記事の目次

    CGWORLD創刊20周年記念、3連続新連載の最後を飾るのは、TVアニメ、実写映画、ゲームなどを幅広く手がける株式会社コロビト代表・大島夏雄氏によるCG雑学コラム。一見CGには関係なさそうでも知っていればいつか必ず制作に役立つ、身の回りの様々な知識を紹介していく。

    TEXT&ILLUSTRATION_大島夏雄 / Natsuo Oshima(コロビト
    EDIT_小村仁美 / Hitomi Komura(CGWORLD)

    <1>連載スタートにあたって

    CG制作のTIPSやテクニックの紹介記事はたくさんあり、読者の皆さまもいろいろ参考にしながら日々勉強されているかと思います。学生の間や就職してしばらくは、CGの勉強をしながらつくり続ければどんどん上手くなり、手も早くなって成長を実感できるでしょう。でも、そこからさらにもうワンステップ! となると、単純につくり続けていても頭打ち。なかなか先に進めなくなってしまう人もいるのではないでしょうか。

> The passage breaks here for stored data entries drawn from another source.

(* Let $(P,Q)$ be a solution of the Cucker–Smale model with velocity control described in the context, let $l\in[N]$ and $[l]=\{1,\dots,l\}$. Then, for $t>0$ (wherever the derivative of $t\mapsto\|P(t)\|_{[l]}$ exists), the following differential inequalities hold: (1) \[ \frac{d}{dt}\|P\|_{[l]}\le-\frac{\kappa\mathcal M l}{N}\psi(\|Q\|_{[l]})\|P\|_{[l]}+\frac{2\kappa M_{G'}(N-l)P^0_M L_{\psi,[l]}}{N}\|Q\|_{[l]}, \] where \[ L_{\psi,[l]}(t):=\sup_{\substack{r,s\ge q_{[l]}(t)\\ r\ne s}}\left|\frac{\psi(r)-\psi(s)}{r-s}\right|<\infty,\qquad q_{[l]}(t):=\min_{i'\in[l],\,j'\notin[l]}|q_{i'}(t)-q_{j'}(t)| \] (when $l=N$ the second term is absent since $N-l=0$); (2) \[ \frac{d}{dt}\|P\|_{[l]}\le-\frac{\kappa\mathcal M l}{N}\psi(\|Q\|_{[l]})\|P\|_{[l]}+\frac{4\kappa P^0_M M_{G'}l(N-l)}{N}\max_{i'\in[l],\,j'\notin[l]}\psi(|q_{i'}-q_{j'}|). \]
   Context: Let $N\ge1$, $d\ge1$, $\kappa>0$, $[N]=\{1,\dots,N\}$. The velocity control function $G:\mathbb R^d\to\mathbb R^d$ is $G(p)=g(|p|)\,p/|p|$ for $p\ne0$, $G(0)=0$, with $g\in C^1([0,\infty))$, $g(0)=0$, $0<m\le g'\le M$ on every compact interval (constants depending on the interval), and $g$ convex or concave on $(0,\infty)$. The kernel $\psi:(0,\infty)\to(0,\infty)$ is bounded, Lipschitz continuous and nonincreasing. The model is, for $i\in[N]$, $t>0$: \[ \dot q_i=G(p_i),\qquad \dot p_i=\frac{\kappa}{N}\sum_{k=1}^N\psi(|q_k-q_i|)\big(G(p_k)-G(p_i)\big),\qquad (q_i,p_i)(0)=(q_i^0,p_i^0)\in\mathbb R^d\times\mathbb R^d. \] Notation: for $S\subset[N]$, $\|Q\|_S^2=\sum_{i,j\in S}|q_i-q_j|^2$, $\|P\|_S^2=\sum_{i,j\in S}|p_i-p_j|^2$; $P^0_M=\max_i|p_i^0|$, $M_{G'}=\max\{g'(r):0\le r\le P^0_M\}$, $m_{G'}=\min\{g'(r):0\le r\le P^0_M\}$, $\mathcal M=\min\{m_{G'},\,m_{G'}^2/M_{G'}\}$. *)

theory Defs
  imports "HOL-Analysis.Analysis"
begin
text \<open>Given \<open>a, b\<close> agreeing in \<open>\<int>[W]\<close>, the polynomial \<open>a + r\<close>, where \<open>r\<close> consists of the
  monomials of \<open>b - a\<close> supported outside \<open>K1\<close>, represents \<open>a\<close> in \<open>\<int>[K1]\<close> and \<open>b\<close> in \<open>\<int>[K2]\<close>.\<close>

lemma diag_surj: "diag ` carrier (Pring m) = carrier fiber"
proof
  show "diag ` carrier (Pring m) \<subseteq> carrier fiber"
    using diag_in_fiber by blast
  show "carrier fiber \<subseteq> diag ` carrier (Pring m)"
  proof
    fix x assume "x \<in> carrier fiber"
    then obtain A B where x: "x = (A, B)" "A \<in> carrier (SR m K1)" "B \<in> carrier (SR m K2)"
      "SR_map m W A = SR_map m W B"
      by (auto simp: fiber_prod_def)
    obtain a b where a: "a \<in> carrier (Pring m)" "A = SR_proj m K1 a"
      and b: "b \<in> carrier (Pring m)" "B = SR_proj m K2 b"
      using x(2,3) by (auto simp: carrier_SR)
    have "SR_proj m W a = SR_proj m W b"
      using x(4) a b SR_map_SR_proj[OF downward_closed_K1 downward_closed_W]
        SR_map_SR_proj[OF downward_closed_K2 downward_closed_W] by auto
    then have ab: "a - b \<in> nonface_polys m W"
      using SR_proj_eq_iff[OF downward_closed_W a(1) b(1)] by simp
    define r where "r = restrict_monomials (\<lambda>\<mu>. Poly_Mapping.keys \<mu> \<notin> K1) (b - a)"
    define p where "p = a + r"
    have r_carrier: "r \<in> carrier (Pring m)"
      unfolding r_def using a b by (intro restrict_monomials_in_Pring Pring_diff_closed)
    then have p_carrier: "p \<in> carrier (Pring m)"
      unfolding p_def using a by (intro Pring_add_closed)
    have "p - a \<in> nonface_polys m K1"
      using r_carrier by (simp add: p_def nonface_polys_def r_def keys_restrict_monomials)
    then have "SR_proj m K1 p = A"
      using SR_proj_eq_iff[OF downward_closed_K1 p_carrier a(1)] a by simp
    moreover have "p - b = restrict_monomials (\<lambda>\<mu>. Poly_Mapping.keys \<mu> \<in> K1) (a - b)"
      by (intro poly_mapping_eqI)
        (simp add: p_def r_def lookup_restrict_monomials lookup_add lookup_minus)
    then have "p - b \<in> nonface_polys m K2"
      using ab Pring_diff_closed[OF p_carrier b(1)]
      by (auto simp: nonface_polys_def keys_restrict_monomials)
    then have "SR_proj m K2 p = B"
      using SR_proj_eq_iff[OF downward_closed_K2 p_carrier b(1)] b by simp
    ultimately show "x \<in> diag ` carrier (Pring m)"
      using p_carrier x(1) by blast
  qed
qed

    CGクリエイターは日々、様々なものをつくります。実際に存在するものや人、想像上の建造物や乗りもの、過去にあった町や服装など。そこで必要になってくるのが、様々な物体の構造、人体や動物の解剖学、色彩学、構成力、自然現象、地層学、etc......といった、一見CGとは関係なさそうな、幅広い分野の知識です。学者や建築家のように専門的な知識を深く習得するのは不可能ですが、その「さわり」を知っているか知らないかで、つくられるものは大きく変わってきます。この連載では、皆さんと一緒にいろいろなことの「さわり」を勉強できればいいなと思っています。

    <2>雲の形は10種類しかない

    というわけで、初回は「雲」についてお話しようと思います。雲は何でできているのでしょうか? 水蒸気かなと思われるかもしれませんが、雲は水蒸気からできているわけではありません。水蒸気は目に見えませんから。雲は、小さな水滴(雲粒)や氷の粒(氷晶)の集まりです。この雲粒や氷晶が可視光線を散乱することで、白く見えるのです。

    また、雲にはいろいろな形があります。「ねーねー、あの雲、羊みたいだね」「あれはケーキみたい!」など、そのような心暖まる話を私はしたことないように思いますが、雲の形は、それぞれ理由があってその形になっているようです。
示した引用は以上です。